Читать книгу Причал для одиноких душ - - Страница 4
Глава 3. Молчаливый гость
ОглавлениеСергей появился через неделю после того, как отцвел жасмин, посаженный Витей. Тот самый жасмин, после которого Витя, пахнущий дегтем и морем, как-то утром просто не зашел, оставив на пороге ведро свежей кефали и записку карандашом на обрывке цементного мешка: «Ушел в море. Не скучай». И Елена Сергеевна, к своему удивлению, не скучала. Была благодарность, легкая грусть, но не разбитое сердце. Вите нужна была гавань для передышки, а ей – не мореход, а сосед.
Нового «кандидата» она не искала, но судьбу, в лице тети Любы из магазина «Восторг», это не волновало. Та, смотря на Елену Сергеевну с новым, оценивающим и немного завистливым интересом, буркнула, отмеряя ей гречку: «Мужику работа нужна, а тебе, Лена, сарай совсем разваливается. Поговори. Он тихий, не пьет. С Украины, с Донбасса, беженец. Руки золотые, а вид, будто его через мясорубку прокрутили, да не дожали».
«Вот как, – подумала Елена Сергеевна, – теперь я у тети Любы в категории "нуждается в мужике с золотыми руками и прогоревшей душой". Прогресс, черт возьми. С Витей хоть весело было, а этот, выходит, с мясорубкой. Надо же, какая романтика».
Он стоял на пороге на следующий же день, затеняя собой жаркое южное солнце, но в его присутствии не было виткиной мощи и напористой энергии. Он был другого сложения – поджарый, жилистый, ссутулившийся, будто нес на плечах невидимый, неподъемный груз из развалин и воспоминаний. Сила в нем чувствовалась не физическая, а какая-то придавленная, сконцентрированная глубоко внутри, как пружина, сжатая до предела и готовая или распрямиться, или лопнуть. Руки – тоже трудовые, но более утонченные, с длинными, нервными пальцами пианиста или сапера, испачканными в темных, въевшихся потеках от краски, машинного масла и чужой земли. Молчаливый украинец с глазами цвета спелой сливы, в которых стояла не просто печаль, а тихая, бездонная усталость, накопленная за годы скитаний, потерь и выживания.

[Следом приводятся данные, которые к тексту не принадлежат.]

lemma seq_size_Suc_shift:
  assumes "finitely_supported f"
  shows "seq_size f = f 0 + seq_size (\<lambda>i. f (Suc i))"
proof -
  obtain L where L: "\<forall>i\<ge>L. f i = 0"
    using assms by (rule finitely_supportedE)
  then have "seq_size f = (\<Sum>i<Suc L. f i)"
    by (intro seq_size_eq_sum_lessThan) auto
  also have "\<dots> = f 0 + (\<Sum>i<L. f (Suc i))"
    by (rule sum.lessThan_Suc_shift)
  also have "(\<Sum>i<L. f (Suc i)) = seq_size (\<lambda>i. f (Suc i))"
    using L by (intro seq_size_eq_sum_lessThan[symmetric]) auto
  finally show ?thesis .
qed

lemma seq_size_mono:
  assumes "\<And>i. k i \<le> f i" and "finitely_supported f"
  shows "seq_size k \<le> seq_size f"
proof -
  obtain L where L: "\<forall>i\<ge>L. f i = 0"
    using assms(2) by (rule finitely_supportedE)
  moreover from L assms(1) have "\<forall>i\<ge>L. k i = 0"
    by (metis le_zero_eq)
  ultimately show ?thesis
    using assms(1) by (simp add: seq_size_eq_sum_lessThan sum_mono)
qed
(* In the setting below, if for every $m$ the point $X^x_m$ is the nearest neighbor of $x$ according to an ISIMIN $(\psi_m,\Theta_m)_{m\in\mathbb{N}}$, then $x$ is a Lebesgue point for $\eta$ with respect to $\mathbb{P}_X$ if and only if $\mathbb{E}[|\eta(X^x_m)-\eta(x)|]\to0$ as $m\to\infty$.
   Context: Let $(\mathcal{X},d)$ be a metric space with its Borel $\sigma$-algebra, let $(\Omega,\mathcal{F},\mathbb{P})$ be a probability space, and let $X,X_1,X_2,\dots$ be i.i.d. $\mathcal{X}$-valued random variables with common law $\mathbb{P}_X$. For $x\in\mathcal{X}$ and $r>0$ write $\bar B_r=\{x':d(x,x')\le r\}$. The support of $\mathbb{P}_X$ is the set of $x$ such that $\mathbb{P}_X(\bar B_r(x))>0$ for all $r>0$. Fix $x$ in the support of $\mathbb{P}_X$ and a bounded measurable $\eta:\mathcal{X}\to\mathbb{R}$. An ISIMIN is a sequence $(\psi_m,\Theta_m)_{m\in\mathbb{N}}$ such that for each $m$ there is a measurable space $(\mathcal{Z}_m,\mathcal{G}_m)$, $\Theta_m:\Omega\to\mathcal{Z}_m$ is a random variable independent of $(X_1,\dots,X_m)$, and $\psi_m:[0,\infty)^m\times\mathcal{Z}_m\to\{1,\dots,m\}$ is measurable with $\psi_m(r_1,\dots,r_m,z)\in\arg\min_{k}r_k$ for all arguments. The nearest neighbor of $x$ according to $(\psi_m,\Theta_m)$ is $X^x_m:=X_{\psi_m(d(x,X_1),\dots,d(x,X_m),\Theta_m)}$. The point $x$ is a Lebesgue point if $\mathbb{E}[\mathbb{I}_{\bar B_r}(X)\,|\eta(X)-\eta(x)|]/\mathbb{P}_X(\bar B_r)\to 0$ as $r\to 0^+$. *)

theory Defs
  imports "HOL-Probability.Probability"
begin

definition in_support :: "'a::metric_space measure \<Rightarrow> 'a \<Rightarrow> bool" where
  "in_support P x \<longleftrightarrow> (\<forall>r>0. measure P (cball x r) > 0)"

definition lebesgue_point :: "'a::metric_space measure \<Rightarrow> ('a \<Rightarrow> real) \<Rightarrow> 'a \<Rightarrow> bool" where
  "lebesgue_point P \<eta> x \<longleftrightarrow>
     ((\<lambda>r. (\<integral>y. indicator (cball x r) y * \<bar>\<eta> y - \<eta> x\<bar> \<partial>P) / measure P (cball x r))
        \<longlongrightarrow> 0) (at_right 0)"

text \<open>ISIMIN for the sample \<open>X 1, X 2, \<dots>\<close>: for each \<open>m \<ge> 1\<close>, \<open>Z m\<close> is a measurable space,
  \<open>\<Theta> m\<close> a random variable into \<open>Z m\<close> independent of \<open>(X 1,\<dots>,X m)\<close>, and
  \<open>\<psi> m : [0,\<infinity>)^m \<times> Z m \<rightarrow> {1..m}\<close> measurable, selecting an index of a minimal coordinate.
  Points of \<open>[0,\<infinity>)^m\<close> are (extensional) functions on \<open>{1..m}\<close>.\<close>
definition isimin ::
  "'w measure \<Rightarrow> (nat \<Rightarrow> 'w \<Rightarrow> 'a::metric_space) \<Rightarrow> (nat \<Rightarrow> 'z measure) \<Rightarrow> (nat \<Rightarrow> 'w \<Rightarrow> 'z)
   \<Rightarrow> (nat \<Rightarrow> (nat \<Rightarrow> real) \<Rightarrow> 'z \<Rightarrow> nat) \<Rightarrow> bool" where
  "isimin M X Z \<Theta> \<psi> \<longleftrightarrow>
    (\<forall>m\<ge>1.
       \<Theta> m \<in> M \<rightarrow>\<^sub>M Z m \<and>
       prob_space.indep_set M
         (sigma_sets (space M) {\<Theta> m -` A \<inter> space M | A. A \<in> sets (Z m)})
         (sigma_sets (space M) {(\<lambda>\<omega>. \<lambda>i\<in>{1..m}. X i \<omega>) -` A \<inter> space M | A.
                                  A \<in> sets (PiM {1..m} (\<lambda>_. (borel :: 'a measure)))}) \<and>
       (\<lambda>(r, z). \<psi> m r z) \<in>
          (PiM {1..m} (\<lambda>_. restrict_space borel {0::real..}) \<Otimes>\<^sub>M Z m) \<rightarrow>\<^sub>M count_space {1..m} \<and>
       (\<forall>r \<in> space (PiM {1..m} (\<lambda>_. restrict_space borel {0::real..})). \<forall>z \<in> space (Z m).
          \<psi> m r z \<in> {1..m} \<and> (\<forall>k\<in>{1..m}. r (\<psi> m r z) \<le> r k)))"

«Добрый день. Меня Сергей звать. Мне сказали, сарай нужно поправить?» – его голос был глуховатым, низким, будто доносился из дальней комнаты или из-под развалин его прошлой жизни.

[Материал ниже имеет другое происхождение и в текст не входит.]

lemma (in prob_space) real_cond_exp_indicator_density_ratio:
  fixes Y :: "'a \<Rightarrow> real" and f h :: "real \<Rightarrow> real"
  assumes [measurable]: "Y \<in> borel_measurable M" "A \<in> sets M"
    "f \<in> borel_measurable borel" "h \<in> borel_measurable borel"
    and f_nonneg: "\<And>y. 0 \<le> f y" and fh_nonneg: "\<And>y. 0 \<le> f y * h y"
    and h_bounded: "AE \<omega> in M. \<bar>h (Y \<omega>)\<bar> \<le> B"
    and distr_Y: "distr M borel Y = density lborel f"
    and distr_A_Y: "distr (density M (indicator A)) borel Y = density lborel (\<lambda>y. f y * h y)"
  shows "AE \<omega> in M. real_cond_exp M (vimage_algebra (space M) Y borel) (indicator A) \<omega> = h (Y \<omega>)"
proof -
  let ?F = "vimage_algebra (space M) Y borel"
  interpret sigma_finite_subalgebra M ?F
    by (rule sigma_finite_subalgebra_vimage_algebra) measurable
  have restrict_A: "density M (indicator A) = density M (\<lambda>\<omega>. ennreal (indicator A \<omega>))"
    by (simp add: ennreal_indicator)
  show ?thesis
  proof (rule real_cond_exp_charact)
    fix E assume "E \<in> sets ?F"
    then obtain B where B[measurable]: "B \<in> sets borel" and E: "E = Y -` B \<inter> space M"
      by (auto simp: sets_vimage_algebra2)
    have "(\<integral>\<omega>\<in>E. indicator A \<omega> \<partial>M) = (\<integral>\<omega>. indicator A \<omega> * (indicator B (Y \<omega>) :: real) \<partial>M)"
      unfolding set_lebesgue_integral_def E
      by (intro Bochner_Integration.integral_cong) (auto split: split_indicator)
    also have "\<dots> = (\<integral>\<omega>. indicator B (Y \<omega>) \<partial>density M (indicator A))"
      unfolding restrict_A by (subst integral_density) auto
    also have "\<dots> = (\<integral>y. indicator B y \<partial>distr (density M (indicator A)) borel Y)"
      by (subst integral_distr) auto
    also have "\<dots> = (\<integral>y. f y * (indicator B y * h y) \<partial>lborel)"
      unfolding distr_A_Y using fh_nonneg by (subst integral_density) (auto simp: mult_ac)
    also have "\<dots> = (\<integral>y. indicator B y * h y \<partial>distr M borel Y)"
      unfolding distr_Y using f_nonneg by (subst integral_density) auto
    also have "\<dots> = (\<integral>\<omega>\<in>E. h (Y \<omega>) \<partial>M)"
      unfolding set_lebesgue_integral_def E
      by (subst integral_distr) (auto intro!: Bochner_Integration.integral_cong split: split_indicator)
    finally show "(\<integral>\<omega>\<in>E. indicator A \<omega> \<partial>M) = (\<integral>\<omega>\<in>E. h (Y \<omega>) \<partial>M)" .
  next
    show "integrable M (\<lambda>\<omega>. h (Y \<omega>))"
      using h_bounded by (intro integrable_const_bound[where B=B]) auto
    show "(\<lambda>\<omega>. h (Y \<omega>)) \<in> borel_measurable ?F"
      by (rule measurable_compose[OF measurable_vimage_algebra1]) auto
  qed (auto intro!: integrable_real_indicator simp: less_top[symmetric])
qed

«Да, совсем разваливается, – ответила Елена Сергеевна, чувствуя неловкость. – Проходите. Покажу».
«Боже, – мелькнуло у нее, пока он молча осматривал покосившееся строение, – он и правда выглядит так, будто сам нуждается в капитальном ремонте. Смотришь на него – и сразу хочется чаю горячего налить и плед на плечи накинуть. Как этот старый сарай, в который дует со всех щелей».
«Старый? – спросил он, наконец, постучав костяшками пальцев по прогнившей доске. Звук был пустой, гробовой. – Сделаю, что могу. По цене договоримся. Сначала оценю объем».

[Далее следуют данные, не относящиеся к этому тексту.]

(* For every institution $s$, the aggregate choice rule with transfers $\mathcal{C}^{hT}_s$ is fair: for every $Y\subseteq X$ and every $x\in Y_s$ with $\mathbf{i}(x)\notin\mathbf{i}(\mathcal{C}^{hT}_s(Y))$, every $y\in\mathcal{C}^{hT}_s(Y)$ satisfies at least one of: (1) $\mathbf{i}(y)\succ_s\mathbf{i}(x)$; (2) $\mathbf{t}(x)\neq\mathbf{t}(y)$; (3) $\rho(\mathbf{i}(y))\setminus\rho(\mathbf{i}(x))\neq\emptyset$.
   Context: Model. $I$ finite set of individuals, $S$ finite set of institutions. Reserve categories $R=\{SC,ST,OBC,EWS\}$, position types $V=\{o\}\cup R$ ($o$ = open). Institution $s$ has $q_s^r$ positions reserved for $r\in R$ and $q_s^o$ open positions. Individual $i$ has vertical membership $t(i)\in R\cup\{g\}$. Institution $s$ has a strict merit ranking $\succ_s$ of $I$. Contracts $X$: triples $(i,s,v)$ with $v=o$, or $v=t(i)$ if $t(i)\in R$; $\mathbf{i}(x),\mathbf{s}(x),\mathbf{t}(x)$ denote individual, institution, category; $Y_s$ the contracts in $Y$ with institution $s$, $\mathbf{i}(Y)=\{\mathbf{i}(x):x\in Y\}$. $H=\{h_1,\dots,h_L\}$ horizontal types, $\rho(i)\subseteq H$, $\rho^{-1}(h)=\{i:h\in\rho(i)\}$; hierarchical: if $\rho^{-1}(h)\cap\rho^{-1}(h')\neq\emptyset$ then one is a strict subset of the other ($h$ contains $h'$ if $\rho^{-1}(h')\subsetneq\rho^{-1}(h)$). Reservations $\kappa^s_v\in\mathbb{Z}_+^L$ for each $s$, $v\in V$; chosen individuals count against all their types. Hierarchical choice rule $C^h(A,\kappa,\rho)$ with capacity $q$ and ranking $\succ$: Step 1: let $H^1$ be the types containing no other type. If no individual in $A$ has a type, choose the $\min(q,|A|)$ highest-ranked and stop. Otherwise, for each $h_j\in H^1$ (fixed order, not exceeding remaining positions), choose all not-yet-chosen type-$h_j$ individuals of $A$ if at most $\kappa_j$, else the $\kappa_j$ highest-ranked; reduce remaining positions and the reservation of every type containing $h_j$ by the number chosen (floored at 0); remove $h_j$. Step $n\ge2$: stop if nothing remains; if no type remains, fill remaining positions by rank and stop; otherwise process remaining types containing no other remaining type as in Step 1. Output: all chosen individuals. Aggregate rule with transfers $\mathcal{C}^{hT}_s$: process categories in order $o,SC,ST,OBC,EWS$; for category $v$, let $A_v$ be the individuals with a contract $(i,s,v)\in Y$ not chosen earlier, apply $C^h(A_v,\kappa^s_v,\rho)$ with capacity $q^v_s$ and ranking $\succ_s$, and select the contracts $(i,s,v)$ of the chosen. Then a final de-reserved category $D$ with capacity $q^D_s$ equal to the number of unfilled OBC positions ($q_s^{OBC}$ minus the number selected in category OBC) selects, among individuals not yet chosen who have an open-category contract $(i,s,o)\in Y$, the $\min(q^D_s,\cdot)$ highest-ranked according to $\succ_s$ (a responsive rule), and selects those contracts. $\mathcal{C}^{hT}_s(Y)$ is the union of all selected contracts. *)

theory Defs
  imports Main
begin

text \<open>Reserve categories R = {SC, ST, OBC, EWS}; position types V = {o} plus R.
  Vertical membership t(i) is in R or g; we encode g as None.\<close>

datatype rcat = SC | ST | OBC | EWS
datatype ptype = Open | Res rcat

type_synonym ('i, 's) contract = "'i \<times> 's \<times> ptype"

definition indiv :: "('i, 's) contract \<Rightarrow> 'i" where
  "indiv x = fst x"
definition inst :: "('i, 's) contract \<Rightarrow> 's" where
  "inst x = fst (snd x)"
definition cat :: "('i, 's) contract \<Rightarrow> ptype" where
  "cat x = snd (snd x)"

definition contracts :: "('i \<Rightarrow> rcat option) \<Rightarrow> ('i, 's) contract set" where
  "contracts t = {(i, s, v). v = Open \<or> (\<exists>r. t i = Some r \<and> v = Res r)}"

text \<open>r a b means: a is ranked strictly higher than b.\<close>
definition strict_ranking :: "('i \<Rightarrow> 'i \<Rightarrow> bool) \<Rightarrow> bool" where
  "strict_ranking r \<longleftrightarrow> (\<forall>a. \<not> r a a) \<and> (\<forall>a b c. r a b \<longrightarrow> r b c \<longrightarrow> r a c)
      \<and> (\<forall>a b. a \<noteq> b \<longrightarrow> r a b \<or> r b a)"

definition top_k :: "('i \<Rightarrow> 'i \<Rightarrow> bool) \<Rightarrow> nat \<Rightarrow> 'i set \<Rightarrow> 'i set" where
  "top_k r k B = {a \<in> B. card {b \<in> B. r b a} < k}"

definition members :: "('i \<Rightarrow> 'h set) \<Rightarrow> 'h \<Rightarrow> 'i set" where
  "members \<rho> h = {i. h \<in> \<rho> i}"

definition contains :: "('i \<Rightarrow> 'h set) \<Rightarrow> 'h \<Rightarrow> 'h \<Rightarrow> bool" where
  "contains \<rho> h h' \<longleftrightarrow> members \<rho> h' \<subset> members \<rho> h"

text \<open>H is given as a list hs (its order is the fixed processing order).\<close>
definition hierarchical :: "'h list \<Rightarrow> ('i \<Rightarrow> 'h set) \<Rightarrow> bool" where
  "hierarchical hs \<rho> \<longleftrightarrow> distinct hs \<and> (\<forall>i. \<rho> i \<subseteq> set hs) \<and>
     (\<forall>h \<in> set hs. \<forall>h' \<in> set hs. h \<noteq> h' \<longrightarrow> members \<rho> h \<inter> members \<rho> h' \<noteq> {} \<longrightarrow>
         contains \<rho> h h' \<or> contains \<rho> h' h)"

text \<open>Processing one type h: state = (chosen, remaining positions, remaining reservations).\<close>
definition proc_type :: "('i \<Rightarrow> 'i \<Rightarrow> bool) \<Rightarrow> ('i \<Rightarrow> 'h set) \<Rightarrow> 'i set \<Rightarrow> 'h \<Rightarrow>
    'i set \<times> nat \<times> ('h \<Rightarrow> nat) \<Rightarrow> 'i set \<times> nat \<times> ('h \<Rightarrow> nat)" where
  "proc_type r \<rho> A h st = (case st of (C, q, \<kappa>) \<Rightarrow>
     (let ch = top_k r (min (\<kappa> h) q) {a \<in> A. a \<notin> C \<and> h \<in> \<rho> a}
      in (C \<union> ch, q - card ch,
          \<lambda>h'. if contains \<rho> h' h then \<kappa> h' - card ch else \<kappa> h')))"

definition minimal_types :: "('i \<Rightarrow> 'h set) \<Rightarrow> 'h list \<Rightarrow> 'h list" where
  "minimal_types \<rho> R = filter (\<lambda>h. \<not> (\<exists>h' \<in> set R. contains \<rho> h h')) R"

text \<open>Steps of the rule; the first argument is a step budget (length hs + 1 suffices).\<close>
fun hsteps :: "('i \<Rightarrow> 'i \<Rightarrow> bool) \<Rightarrow> ('i \<Rightarrow> 'h set) \<Rightarrow> 'i set \<Rightarrow> nat \<Rightarrow>
    'i set \<Rightarrow> nat \<Rightarrow> ('h \<Rightarrow> nat) \<Rightarrow> 'h list \<Rightarrow> 'i set" where
  "hsteps r \<rho> A 0 C q \<kappa> R = C"
| "hsteps r \<rho> A (Suc n) C q \<kappa> R =
     (if q = 0 then C
      else if R = [] then C \<union> top_k r q (A - C)
      else (let M = minimal_types \<rho> R;
                (C', q', \<kappa>') = fold (proc_type r \<rho> A) M (C, q, \<kappa>)
            in hsteps r \<rho> A n C' q' \<kappa>' (filter (\<lambda>h. h \<notin> set M) R)))"

definition choice_h :: "('i \<Rightarrow> 'i \<Rightarrow> bool) \<Rightarrow> 'h list \<Rightarrow> ('i \<Rightarrow> 'h set) \<Rightarrow> nat \<Rightarrow>
    ('h \<Rightarrow> nat) \<Rightarrow> 'i set \<Rightarrow> 'i set" where
  "choice_h r hs \<rho> q \<kappa> A =
     (if \<forall>a \<in> A. \<rho> a = {} then top_k r q A
      else hsteps r \<rho> A (Suc (length hs)) {} q \<kappa> hs)"

definition cat_order :: "ptype list" where
  "cat_order = [Open, Res SC, Res ST, Res OBC, Res EWS]"

definition agg_step :: "('i \<Rightarrow> 'i \<Rightarrow> bool) \<Rightarrow> 'h list \<Rightarrow> ('i \<Rightarrow> 'h set) \<Rightarrow>
    (ptype \<Rightarrow> nat) \<Rightarrow> (ptype \<Rightarrow> 'h \<Rightarrow> nat) \<Rightarrow> 's \<Rightarrow> ('i, 's) contract set \<Rightarrow> ptype \<Rightarrow>
    'i set \<times> ('i, 's) contract set \<Rightarrow> 'i set \<times> ('i, 's) contract set" where
  "agg_step r hs \<rho> cap res s Y v st = (case st of (Ch, Z) \<Rightarrow>
     (let Av = {i. (i, s, v) \<in> Y \<and> i \<notin> Ch};
          sel = choice_h r hs \<rho> (cap v) (res v) Av
      in (Ch \<union> sel, Z \<union> {(i, s, v) | i. i \<in> sel})))"

definition choice_hT :: "('s \<Rightarrow> 'i \<Rightarrow> 'i \<Rightarrow> bool) \<Rightarrow> 'h list \<Rightarrow> ('i \<Rightarrow> 'h set) \<Rightarrow>
    ('s \<Rightarrow> ptype \<Rightarrow> nat) \<Rightarrow> ('s \<Rightarrow> ptype \<Rightarrow> 'h \<Rightarrow> nat) \<Rightarrow> 's \<Rightarrow>
    ('i, 's) contract set \<Rightarrow> ('i, 's) contract set" where
  "choice_hT better hs \<rho> cap res s Y =
     (let (Ch, Z) = fold (agg_step (better s) hs \<rho> (cap s) (res s) s Y) cat_order ({}, {});
          qD = cap s (Res OBC) - card {i. (i, s, Res OBC) \<in> Z};
          selD = top_k (better s) qD {i. (i, s, Open) \<in> Y \<and> i \<notin> Ch}
      in Z \<union> {(i, s, Open) | i. i \<in> selD})"

end

theory Submission
  imports Defs
begin

text \<open>Each stage of the rule admits an applicant only when it outranks every rejected
  applicant of the same pool whose types include all of its own: a step for type h draws
  from all remaining type-h applicants, and such a rival carries h too, while a step by rank
  alone draws from everybody. Later stages only shrink the set of rejected applicants, so
  the property survives to the end, and it is exactly the fairness condition.\<close>

definition no_justified_envy :: "('i \<Rightarrow> 'i \<Rightarrow> bool) \<Rightarrow> ('i \<Rightarrow> 'h set) \<Rightarrow> 'i set \<Rightarrow> 'i set \<Rightarrow> bool"
  where "no_justified_envy r \<rho> C D \<longleftrightarrow> (\<forall>j\<in>C. \<forall>i\<in>D. \<rho> j \<subseteq> \<rho> i \<longrightarrow> r j i)"

lemma no_justified_envy_mono:
  "no_justified_envy r \<rho> C D \<Longrightarrow> C' \<subseteq> C \<Longrightarrow> D' \<subseteq> D \<Longrightarrow> no_justified_envy r \<rho> C' D'"
  unfolding no_justified_envy_def by blast

lemma top_k_subset: "top_k r k B \<subseteq> B"
  unfolding top_k_def by auto

lemma top_k_outranks:
  assumes r: "strict_ranking r" and "finite B"
    and a: "a \<in> top_k r k B" and b: "b \<in> B" "b \<notin> top_k r k B"
  shows "r a b"
proof (rule ccontr)
  assume "\<not> r a b"
  moreover have "a \<noteq> b" using a b by auto
  ultimately have "r b a" using r unfolding strict_ranking_def by blast
  then have sub: "insert b {c \<in> B. r c b} \<subseteq> {c \<in> B. r c a}"
    using r b unfolding strict_ranking_def by blast
  have "b \<notin> {c \<in> B. r c b}" using r unfolding strict_ranking_def by blast
  then have "Suc (card {c \<in> B. r c b}) = card (insert b {c \<in> B. r c b})"
    using \<open>finite B\<close> by simp
  also have "\<dots> \<le> card {c \<in> B. r c a}"
    using sub \<open>finite B\<close> by (simp add: card_mono)
  also have "\<dots> < k" using a unfolding top_k_def by simp
  finally have "Suc (card {c \<in> B. r c b}) < k" .
  moreover have "k \<le> card {c \<in> B. r c b}" using b unfolding top_k_def by simp
  ultimately show False by simp
qed

lemma no_justified_envy_top_k:
  "strict_ranking r \<Longrightarrow> finite B \<Longrightarrow> no_justified_envy r \<rho> (top_k r k B) (B - top_k r k B)"
  unfolding no_justified_envy_def by (metis DiffE top_k_outranks)

definition fair_extension :: "('i \<Rightarrow> 'i \<Rightarrow> bool) \<Rightarrow> ('i \<Rightarrow> 'h set) \<Rightarrow> 'i set \<Rightarrow> 'i set \<Rightarrow> 'i set \<Rightarrow> bool"
  where "fair_extension r \<rho> A C C' \<longleftrightarrow> C \<subseteq> C' \<and> no_justified_envy r \<rho> (C' - C) (A - C')"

«Оценить объем… – ехидно заметил про себя ее внутренний голос. – Интересно, он тоже "объемы"у женщин оценивает с такой же серьезностью? Хотя, глядя на него, не похоже. Ему бы самому заштопаться».
Он работал иначе. Не с яростной, почти животной бережностью Вити, а с методичной, почти научной точностью хирурга, готовящегося к сложной, рискованной операции. Два дня он просто изучал «пациента»: простукивал стены, заглядывал в щели, проверял балки длинным, старым деревянным уровнем, копался в фундаменте, откапывая старые, поросшие мхом и плесенью камни, будто искал среди них хоть один живой. Потом принес свои инструменты – старые, но вычищенные до блеска, ухоженные, смазанные, как у настоящего мастера, для которого инструмент – продолжение руки. И начал.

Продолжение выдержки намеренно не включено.